At the time the constitution was adopted, there were nine counties in the state, and it was provided, by the seventh section of the schedule, that until the first enumeration could be made, the county of Hamilton should be entitled to four Senators and eight Representatives, the county of Clermont to one Senator and two Representatives, to Adams one Senator & 2 Representatives, the county of Ross to two Senators and four Representatives, the county of Fairfield to one Senator and two Representatives, the county of Washington to two Senators and three Representatives, the county of Belmont to one Senator and two Representatives, the county of Jefferson as one Senator and four Representatives, the county of Trumbull to one Senator and two Representatives.
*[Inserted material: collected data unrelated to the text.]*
text \<open>The Ramond sector starts at q^1, so a root with mn = 0 comes from a single
  Neveu-Schwarz fermion of mode 1/2.\<close>
lemma hat_roots_zero_mode:
  assumes "(0, 0, w) \<in> hat_roots \<Delta> \<Delta>p"
  shows "w \<in> \<Delta>"
proof -
  have "w \<noteq> 0" and sectors: "cNS \<Delta> 0 w \<noteq> 0 \<or> cR \<Delta> \<Delta>p 0 w \<noteq> 0"
    using assms by (auto simp: hat_roots_def)
  have "cR \<Delta> \<Delta>p 0 w = 0"
  proof (rule ccontr)
    assume "cR \<Delta> \<Delta>p 0 w \<noteq> 0"
    then show False by (rule cR_nonzero_state) linarith
  qed
  with sectors have "cNS \<Delta> 0 w \<noteq> 0" by simp
  then obtain S where "finite S" and S: "S \<subseteq> fidx \<Delta> \<times> UNIV"
    and energy: "2 * int (\<Sum>(i,k)\<in>S. k) + int (card S) = 2 * 0 + 1"
    and w: "w = (\<Sum>(i,k)\<in>S. fwt i)"
    by (rule cNS_nonzero_state)
  from energy have "int (2 * (\<Sum>(i,k)\<in>S. k) + card S) = int 1" by simp
  then have "2 * (\<Sum>(i,k)\<in>S. k) + card S = 1" by (simp only: of_nat_eq_iff)
  then have "card S = 1" by presburger
  then obtain i k where "S = {(i, k)}" by (auto simp: card_Suc_eq)
  with S w \<open>w \<noteq> 0\<close> show ?thesis by (auto simp: fidx_def)
qed
(* Let $\mathbf C$ be a pointed restriction category and $Q\colon\mathbf C\to\mathrm{Ext}(\mathbf C)$ the quotient functor. For every well-pointed restriction category $\mathbf D$ and every restriction functor $F\colon\mathbf C\to\mathbf D$ sending the chosen restriction terminal object of $\mathbf C$ to that of $\mathbf D$ and full on points, there is a unique restriction functor $\hat F\colon\mathrm{Ext}(\mathbf C)\to\mathbf D$ that is full on points and satisfies $\hat F\circ Q=F$; it is given by $\hat F(A)=F(A)$, $\hat F([f])=F(f)$.
   Context: A restriction category is a category equipped with an assignment to each morphism $f\colon A\to B$ of an endomorphism $\overline{f}\colon A\to A$ such that (i) $f\circ\overline f=f$; (ii) $\overline f\circ\overline g=\overline g\circ\overline f$ whenever $f,g$ have a common domain; (iii) $\overline{g\circ\overline f}=\overline g\circ\overline f$ whenever $f,g$ have a common domain; (iv) $\overline g\circ f=f\circ\overline{g\circ f}$ whenever $g\circ f$ is defined. A morphism $f$ is total if $\overline f=\mathrm{id}$. A restriction functor is a functor $F$ with $F(\overline f)=\overline{F(f)}$. An object $1$ is restriction terminal if every object has exactly one total morphism to $1$. A pointed restriction category is a restriction category with a chosen restriction terminal object $1$; a point of $A$ is a morphism $1\to A$. It is well-pointed if moreover parallel $f,g\colon A\to B$ are equal whenever $f\circ a=g\circ a$ for all points $a$ of $A$. For parallel $f,g$ in a pointed restriction category, $f\approx g$ iff $f\circ a=g\circ a$ for all points $a$; $\mathrm{Ext}(\mathbf C)=\mathbf C/{\approx}$, a restriction category with $\overline{[f]}=[\overline f]$ (same chosen object $1$), and $Q(f)=[f]$. A functor $F\colon\mathbf C\to\mathbf D$ between pointed restriction categories is full on points if every point $p\colon 1\to F(A)$ in $\mathbf D$ equals $F(a)$ for some point $a\colon1\to A$ in $\mathbf C$. *)

theory Defs
  imports Main
begin

text \<open>A category with restriction structure and a chosen object (the chosen
restriction terminal object, relevant for pointed restriction categories).
Composition convention: Comp C g f is g after f.\<close>

record ('o,'a) rcat =
  Obj  :: "'o set"
  Arr  :: "'a set"
  Dom  :: "'a \<Rightarrow> 'o"
  Cod  :: "'a \<Rightarrow> 'o"
  Id   :: "'o \<Rightarrow> 'a"
  Comp :: "'a \<Rightarrow> 'a \<Rightarrow> 'a"
  Rst  :: "'a \<Rightarrow> 'a"
  Term :: "'o"

definition hom :: "('o,'a) rcat \<Rightarrow> 'o \<Rightarrow> 'o \<Rightarrow> 'a set" where
  "hom C A B = {f \<in> Arr C. Dom C f = A \<and> Cod C f = B}"

definition category :: "('o,'a) rcat \<Rightarrow> bool" where
  "category C \<longleftrightarrow>
     (\<forall>f\<in>Arr C. Dom C f \<in> Obj C \<and> Cod C f \<in> Obj C) \<and>
     (\<forall>A\<in>Obj C. Id C A \<in> hom C A A) \<and>
     (\<forall>f\<in>Arr C. \<forall>g\<in>Arr C. Cod C f = Dom C g \<longrightarrow> Comp C g f \<in> hom C (Dom C f) (Cod C g)) \<and>
     (\<forall>f\<in>Arr C. Comp C f (Id C (Dom C f)) = f \<and> Comp C (Id C (Cod C f)) f = f) \<and>
     (\<forall>f\<in>Arr C. \<forall>g\<in>Arr C. \<forall>h\<in>Arr C. Cod C f = Dom C g \<longrightarrow> Cod C g = Dom C h \<longrightarrow>
        Comp C h (Comp C g f) = Comp C (Comp C h g) f)"

definition restriction_category :: "('o,'a) rcat \<Rightarrow> bool" where
  "restriction_category C \<longleftrightarrow> category C \<and>
     (\<forall>f\<in>Arr C. Rst C f \<in> hom C (Dom C f) (Dom C f)) \<and>
     (\<forall>f\<in>Arr C. Comp C f (Rst C f) = f) \<and>
     (\<forall>f\<in>Arr C. \<forall>g\<in>Arr C. Dom C f = Dom C g \<longrightarrow>
        Comp C (Rst C f) (Rst C g) = Comp C (Rst C g) (Rst C f)) \<and>
     (\<forall>f\<in>Arr C. \<forall>g\<in>Arr C. Dom C f = Dom C g \<longrightarrow>
        Rst C (Comp C g (Rst C f)) = Comp C (Rst C g) (Rst C f)) \<and>
     (\<forall>f\<in>Arr C. \<forall>g\<in>Arr C. Cod C f = Dom C g \<longrightarrow>
        Comp C (Rst C g) f = Comp C f (Rst C (Comp C g f)))"

definition total :: "('o,'a) rcat \<Rightarrow> 'a \<Rightarrow> bool" where
  "total C f \<longleftrightarrow> Rst C f = Id C (Dom C f)"

definition restriction_terminal :: "('o,'a) rcat \<Rightarrow> 'o \<Rightarrow> bool" where
  "restriction_terminal C T \<longleftrightarrow> T \<in> Obj C \<and>
     (\<forall>A\<in>Obj C. \<exists>!t. t \<in> hom C A T \<and> total C t)"

definition pointed_rcat :: "('o,'a) rcat \<Rightarrow> bool" where
  "pointed_rcat C \<longleftrightarrow> restriction_category C \<and> restriction_terminal C (Term C)"

definition points :: "('o,'a) rcat \<Rightarrow> 'o \<Rightarrow> 'a set" where
  "points C A = hom C (Term C) A"

definition well_pointed :: "('o,'a) rcat \<Rightarrow> bool" where
  "well_pointed C \<longleftrightarrow> pointed_rcat C \<and>
     (\<forall>f\<in>Arr C. \<forall>g\<in>Arr C. Dom C f = Dom C g \<and> Cod C f = Cod C g \<and>
        (\<forall>a\<in>points C (Dom C f). Comp C f a = Comp C g a) \<longrightarrow> f = g)"

definition approx :: "('o,'a) rcat \<Rightarrow> 'a \<Rightarrow> 'a \<Rightarrow> bool" where
  "approx C f g \<longleftrightarrow> f \<in> Arr C \<and> g \<in> Arr C \<and> Dom C f = Dom C g \<and> Cod C f = Cod C g \<and>
     (\<forall>a\<in>points C (Dom C f). Comp C f a = Comp C g a)"

text \<open>The equivalence class [f]; this is the arrow map of the quotient functor Q.\<close>
definition eclass :: "('o,'a) rcat \<Rightarrow> 'a \<Rightarrow> 'a set" where
  "eclass C f = {g. approx C f g}"

definition rep :: "'a set \<Rightarrow> 'a" where
  "rep X = (SOME f. f \<in> X)"

definition Ext :: "('o,'a) rcat \<Rightarrow> ('o,'a set) rcat" where
  "Ext C = \<lparr> Obj = Obj C,
             Arr = eclass C ` Arr C,
             Dom = (\<lambda>X. Dom C (rep X)),
             Cod = (\<lambda>X. Cod C (rep X)),
             Id = (\<lambda>A. eclass C (Id C A)),
             Comp = (\<lambda>Y X. eclass C (Comp C (rep Y) (rep X))),
             Rst = (\<lambda>X. eclass C (Rst C (rep X))),
             Term = Term C \<rparr>"

definition is_functor :: "('o,'a) rcat \<Rightarrow> ('p,'b) rcat \<Rightarrow> ('o \<Rightarrow> 'p) \<Rightarrow> ('a \<Rightarrow> 'b) \<Rightarrow> bool" where
  "is_functor C D Fo Fa \<longleftrightarrow>
     (\<forall>A\<in>Obj C. Fo A \<in> Obj D) \<and>
     (\<forall>f\<in>Arr C. Fa f \<in> hom D (Fo (Dom C f)) (Fo (Cod C f))) \<and>
     (\<forall>A\<in>Obj C. Fa (Id C A) = Id D (Fo A)) \<and>
     (\<forall>f\<in>Arr C. \<forall>g\<in>Arr C. Cod C f = Dom C g \<longrightarrow> Fa (Comp C g f) = Comp D (Fa g) (Fa f))"

definition restriction_functor :: "('o,'a) rcat \<Rightarrow> ('p,'b) rcat \<Rightarrow> ('o \<Rightarrow> 'p) \<Rightarrow> ('a \<Rightarrow> 'b) \<Rightarrow> bool" where
  "restriction_functor C D Fo Fa \<longleftrightarrow> is_functor C D Fo Fa \<and>
     (\<forall>f\<in>Arr C. Fa (Rst C f) = Rst D (Fa f))"

definition full_on_points :: "('o,'a) rcat \<Rightarrow> ('p,'b) rcat \<Rightarrow> ('o \<Rightarrow> 'p) \<Rightarrow> ('a \<Rightarrow> 'b) \<Rightarrow> bool" where
  "full_on_points C D Fo Fa \<longleftrightarrow>
     (\<forall>A\<in>Obj C. \<forall>p\<in>points D (Fo A). \<exists>a\<in>points C A. p = Fa a)"

end

theory Submission
  imports Defs
begin

text \<open>Two arrows with f \<approx> g agree on all points, so their images under a functor that is
full on points agree on all points of D; well-pointedness of D then forces F f = F g.
Hence F is constant on the classes of \<approx>, and F^ X := F (rep X) is well defined
independently of the representative chosen by rep. Since every operation of Ext C is
computed on representatives, the functor laws of F^ are those of F, and points of Ext C
are the classes of points of C. Uniqueness is immediate because every arrow of Ext C
is a class [f].\<close>

lemma approx_refl: "f \<in> Arr C \<Longrightarrow> approx C f f"
  by (simp add: approx_def)

lemma approx_rep_eclass: "f \<in> Arr C \<Longrightarrow> approx C f (rep (eclass C f))"
  unfolding rep_def eclass_def mem_Collect_eq
  by (rule someI[where x = f]) (rule approx_refl)

lemma rep_eclass:
  assumes "f \<in> Arr C"
  shows "rep (eclass C f) \<in> Arr C" "Dom C (rep (eclass C f)) = Dom C f"
    "Cod C (rep (eclass C f)) = Cod C f"
  using approx_rep_eclass[OF assms] by (auto simp: approx_def)

lemma Arr_Ext_E:
  assumes "X \<in> Arr (Ext C)"
  obtains f where "f \<in> Arr C" "X = eclass C f"
  using assms by (auto simp: Ext_def)

lemma rep_in_Arr_Ext: "X \<in> Arr (Ext C) \<Longrightarrow> rep X \<in> Arr C"
  by (metis Arr_Ext_E rep_eclass(1))

lemma eclass_in_points_Ext:
  assumes "a \<in> points C A"
  shows "eclass C a \<in> points (Ext C) A"
proof -
  have a: "a \<in> Arr C" and "Dom C a = Term C" "Cod C a = A"
    using assms by (auto simp: points_def hom_def)
  then show ?thesis
    using rep_eclass[OF a] by (auto simp: points_def hom_def Ext_def)
qed

lemma full_on_points_respects_approx:
  assumes C: "category C" and D: "well_pointed D"
    and F: "is_functor C D Fo Fa" and P: "full_on_points C D Fo Fa"
    and fg: "approx C f g"
  shows "Fa f = Fa g"
proof -
  have f: "f \<in> Arr C" and g: "g \<in> Arr C"
    and dom: "Dom C f = Dom C g" and cod: "Cod C f = Cod C g"
    and agree: "\<forall>a\<in>points C (Dom C f). Comp C f a = Comp C g a"
    using fg by (auto simp: approx_def)
  have Ff: "Fa f \<in> hom D (Fo (Dom C f)) (Fo (Cod C f))"
    and Fg: "Fa g \<in> hom D (Fo (Dom C g)) (Fo (Cod C g))"
    using F f g by (auto simp: is_functor_def)
  have obj: "Dom C f \<in> Obj C" using C f by (simp add: category_def)
  have "Comp D (Fa f) p = Comp D (Fa g) p" if p: "p \<in> points D (Fo (Dom C f))" for p
  proof -
    obtain a where a: "a \<in> points C (Dom C f)" and pa: "p = Fa a"
      using P obj p unfolding full_on_points_def by blast
    have "a \<in> Arr C" "Cod C a = Dom C f" using a by (auto simp: points_def hom_def)
    then have "Comp D (Fa f) (Fa a) = Fa (Comp C f a)" "Comp D (Fa g) (Fa a) = Fa (Comp C g a)"
      using F f g dom by (simp_all add: is_functor_def)
    then show ?thesis using agree a pa by simp
  qed
  then show ?thesis
    using D Ff Fg dom cod by (simp add: well_pointed_def hom_def)
qed

lemma restriction_functor_Ext:
  assumes C: "restriction_category C" and F: "restriction_functor C D Fo Fa"
    and resp: "\<And>f. f \<in> Arr C \<Longrightarrow> Fa (rep (eclass C f)) = Fa f"
  shows "restriction_functor (Ext C) D Fo (\<lambda>X. Fa (rep X))"
proof -
  have cat: "category C" using C by (simp add: restriction_category_def)
  have F_functor: "is_functor C D Fo Fa" using F by (simp add: restriction_functor_def)
  have "is_functor (Ext C) D Fo (\<lambda>X. Fa (rep X))"
    unfolding is_functor_def
  proof (intro conjI ballI impI)
    fix A assume "A \<in> Obj (Ext C)"
    then show "Fo A \<in> Obj D" using F_functor by (simp add: Ext_def is_functor_def)
  next
    fix X assume "X \<in> Arr (Ext C)"
    then have "rep X \<in> Arr C" by (rule rep_in_Arr_Ext)
    then show "Fa (rep X) \<in> hom D (Fo (Dom (Ext C) X)) (Fo (Cod (Ext C) X))"
      using F_functor by (simp add: Ext_def is_functor_def)
  next
    fix A assume "A \<in> Obj (Ext C)"
    moreover from this have "Id C A \<in> Arr C" using cat by (simp add: Ext_def category_def hom_def)
    ultimately show "Fa (rep (Id (Ext C) A)) = Id D (Fo A)"
      using resp F_functor by (simp add: Ext_def is_functor_def)
  next
    fix X Y assume "X \<in> Arr (Ext C)" "Y \<in> Arr (Ext C)" "Cod (Ext C) X = Dom (Ext C) Y"
    then have X: "rep X \<in> Arr C" and Y: "rep Y \<in> Arr C" and XY: "Cod C (rep X) = Dom C (rep Y)"
      by (simp_all add: rep_in_Arr_Ext) (simp add: Ext_def)
    then have "Comp C (rep Y) (rep X) \<in> Arr C" using cat by (simp add: category_def hom_def)
    then show "Fa (rep (Comp (Ext C) Y X)) = Comp D (Fa (rep Y)) (Fa (rep X))"
      using resp F_functor X Y XY by (simp add: Ext_def is_functor_def)
  qed
  moreover have "Fa (rep (Rst (Ext C) X)) = Rst D (Fa (rep X))" if "X \<in> Arr (Ext C)" for X
  proof -
    have X: "rep X \<in> Arr C" using that by (rule rep_in_Arr_Ext)
    then have "Rst C (rep X) \<in> Arr C" using C by (simp add: restriction_category_def hom_def)
    then show ?thesis using resp F X by (simp add: Ext_def restriction_functor_def)
  qed
  ultimately show ?thesis by (simp add: restriction_functor_def)
qed

lemma full_on_points_Ext:
  assumes P: "full_on_points C D Fo Fa"
    and resp: "\<And>f. f \<in> Arr C \<Longrightarrow> Fa (rep (eclass C f)) = Fa f"
  shows "full_on_points (Ext C) D Fo (\<lambda>X. Fa (rep X))"
  unfolding full_on_points_def
proof (intro ballI)
  fix A p assume "A \<in> Obj (Ext C)" "p \<in> points D (Fo A)"
  then obtain a where a: "a \<in> points C A" and pa: "p = Fa a"
    using P by (auto simp: Ext_def full_on_points_def)
  have "p = Fa (rep (eclass C a))"
    using resp a pa by (simp add: points_def hom_def)
  with eclass_in_points_Ext[OF a] show "\<exists>X\<in>points (Ext C) A. p = Fa (rep X)" by blast
qed

theorem theorem4p4:
  fixes C :: "('o,'a) rcat" and D :: "('p,'b) rcat"
    and Fo :: "'o \<Rightarrow> 'p" and Fa :: "'a \<Rightarrow> 'b"
  assumes "pointed_rcat C"
    and "well_pointed D"
    and "restriction_functor C D Fo Fa"
    and "Fo (Term C) = Term D"
    and "full_on_points C D Fo Fa"
  shows "restriction_functor (Ext C) D Fo (\<lambda>X. Fa (rep X))
         \<and> full_on_points (Ext C) D Fo (\<lambda>X. Fa (rep X))
         \<and> (\<forall>f\<in>Arr C. Fa (rep (eclass C f)) = Fa f)
         \<and> (\<forall>Go Ga. restriction_functor (Ext C) D Go Ga \<and> full_on_points (Ext C) D Go Ga
               \<and> (\<forall>A\<in>Obj C. Go A = Fo A) \<and> (\<forall>f\<in>Arr C. Ga (eclass C f) = Fa f)
             \<longrightarrow> (\<forall>A\<in>Obj (Ext C). Go A = Fo A) \<and> (\<forall>X\<in>Arr (Ext C). Ga X = Fa (rep X)))"
proof -
  have C: "restriction_category C" using assms(1) by (simp add: pointed_rcat_def)
  have cat: "category C" and F: "is_functor C D Fo Fa"
    using C assms(3) by (simp_all add: restriction_category_def restriction_functor_def)
  have resp: "Fa (rep (eclass C f)) = Fa f" if "f \<in> Arr C" for f
    using full_on_points_respects_approx[OF cat assms(2) F assms(5) approx_rep_eclass[OF that]]
    by (rule sym)
  have unique: "Ga X = Fa (rep X)"
    if "\<forall>f\<in>Arr C. Ga (eclass C f) = Fa f" "X \<in> Arr (Ext C)" for Ga X
    using that resp by (metis Arr_Ext_E)
  show ?thesis
    using restriction_functor_Ext[OF C assms(3) resp] full_on_points_Ext[OF assms(5) resp]
      resp unique by (simp add: Ext_def)
qed

end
As it was foreseen, however, that a legislative majority might in evil times attempt to reduce any existing county below the standard of a single Representative, it was declared (in the third section of the seventh article) that no new county should be established, by the General Assembly, which would reduce the county or counties, or either of them, from which it was taken, to less contents than four hundred square miles. And to prevent the legislature from erecting any part of an existing county into a separate county organization, in such a mode as to deprive it of representation, it was further declared that no county should be laid off of less contents than four hundred square miles, and that every new county, as to the right of suffrage and representation, should be considered as a part of the county, or counties, from which it was taken, until entitled, by numbers, to the right of representation.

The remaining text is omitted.